City Councilor Philip Palmieri, whose district includes part of the area, said the reopening of Front Street as part of downtown's CitySquare project is instrumental in linking the areas, with the Canal District eventually seeing spinoff from downtown developments and people coming from Boston by train. (Disclosure: The Worcester Business Journal rents office space from Palmieri.)

"Places like the canal zone and Shrewsbury Street were generally islands because you couldn't get to downtown," he said. "Now that we've opened it up, there is a pedestrian-friendly way which you can get to the downtown and to (the) East Side and the canal zone."

Yet while there's a lot of optimism, the area is not without its challenges.

Two parcels totaling 1.3 acres where auto parts shop Bumper to Bumper once stood are now empty lots facing Harding and Green that fill out the property between the three streets where Lorusso's buildings are. It's a prominent location in Kelley Square that officials want to see developed. McGourthy said the city has been working with the property owner who is seeking a buyer and called the property a "critical element."

"We want something that will help people connect into Kelley Square and ultimately across Kelley Square," he said.

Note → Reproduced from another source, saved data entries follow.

lemma kron_list_entry:
  assumes "i < 2 ^ L" "j < 2 ^ L"
  shows "kron_list (map f (rev [1..<L + 1])) i j = (\<Prod>n = 1..L. f n (digit i n) (digit j n))"
  using assms
proof (induction L arbitrary: i j)
  case (Suc L)
  have high: "i div 2 ^ L = digit i (Suc L)" "j div 2 ^ L = digit j (Suc L)"
    using Suc.prems by (simp_all add: digit_def less_mult_imp_div_less mult.commute)
  have low: "kron_list (map f (rev [1..<L + 1])) (i mod 2 ^ L) (j mod 2 ^ L)
      = (\<Prod>n = 1..L. f n (digit i n) (digit j n))"
  proof -
    have "(\<Prod>n = 1..L. f n (digit (i mod 2 ^ L) n) (digit (j mod 2 ^ L) n))
        = (\<Prod>n = 1..L. f n (digit i n) (digit j n))"
      by (rule prod.cong) (simp_all add: digit_mod_pow2)
    then show ?thesis
      using Suc.IH[of "i mod 2 ^ L" "j mod 2 ^ L"] by simp
  qed
  have "rev [1..<Suc L + 1] = Suc L # rev [1..<L + 1]"
    by simp
  then have "kron_list (map f (rev [1..<Suc L + 1])) i j
      = f (Suc L) (i div 2 ^ L) (j div 2 ^ L) * kron_list (map f (rev [1..<L + 1])) (i mod 2 ^ L) (j mod 2 ^ L)"
    by (simp only: list.map kron_list.simps length_map length_rev length_upt kron_def) simp
  then show ?case
    unfolding high low by (simp add: mult.commute)
qed simp

lemma kron_Hcore_entry:
  assumes "i < 2 ^ N" "j < 2 ^ N"
  shows "kron_list (map (\<lambda>n. Hcore N s n (t n) (t (n - 1))) (rev [1..<N + 1])) i j
    = (\<Sum>k \<in> {1..N} \<rightarrow>\<^sub>E {1, 2}.
         (\<Prod>n = 1..N. s n (fst (t (n - 1))) (k n) (fst (t n)))
       * (\<Prod>n = 1..N. Mblk N n (snd (t n)) (k n) (snd (t (n - 1))) (digit i n) (digit j n)))"
proof -
  have "kron_list (map (\<lambda>n. Hcore N s n (t n) (t (n - 1))) (rev [1..<N + 1])) i j
      = (\<Prod>n = 1..N. \<Sum>k\<in>{1, 2}. s n (fst (t (n - 1))) k (fst (t n))
                                  * Mblk N n (snd (t n)) k (snd (t (n - 1))) (digit i n) (digit j n))"
    using kron_list_entry[OF assms] by (simp add: Hcore_def)
  also have "\<dots> = (\<Sum>k \<in> {1..N} \<rightarrow>\<^sub>E {1, 2}. \<Prod>n = 1..N. s n (fst (t (n - 1))) (k n) (fst (t n))
                                  * Mblk N n (snd (t n)) (k n) (snd (t (n - 1))) (digit i n) (digit j n))"
    by (rule prod_sum_PiE) auto
  finally show ?thesis
    by (simp add: prod.distrib)
qed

Giangregorio said the area on the other side of the square, most notably Millbury Street, was traditionally the city's entertainment hub. Now, he said, there are about 20 empty storefronts, partially due to changes in Interstate 290 exits that altered traffic flow in the area.

"Like every business district, there are holes," Palmieri said. "They still have ways to go, but they are very proactive, probably one of the more creative business groups around ... and I think that's extraordinarily important, and I think in the end, they'll be enormously successful."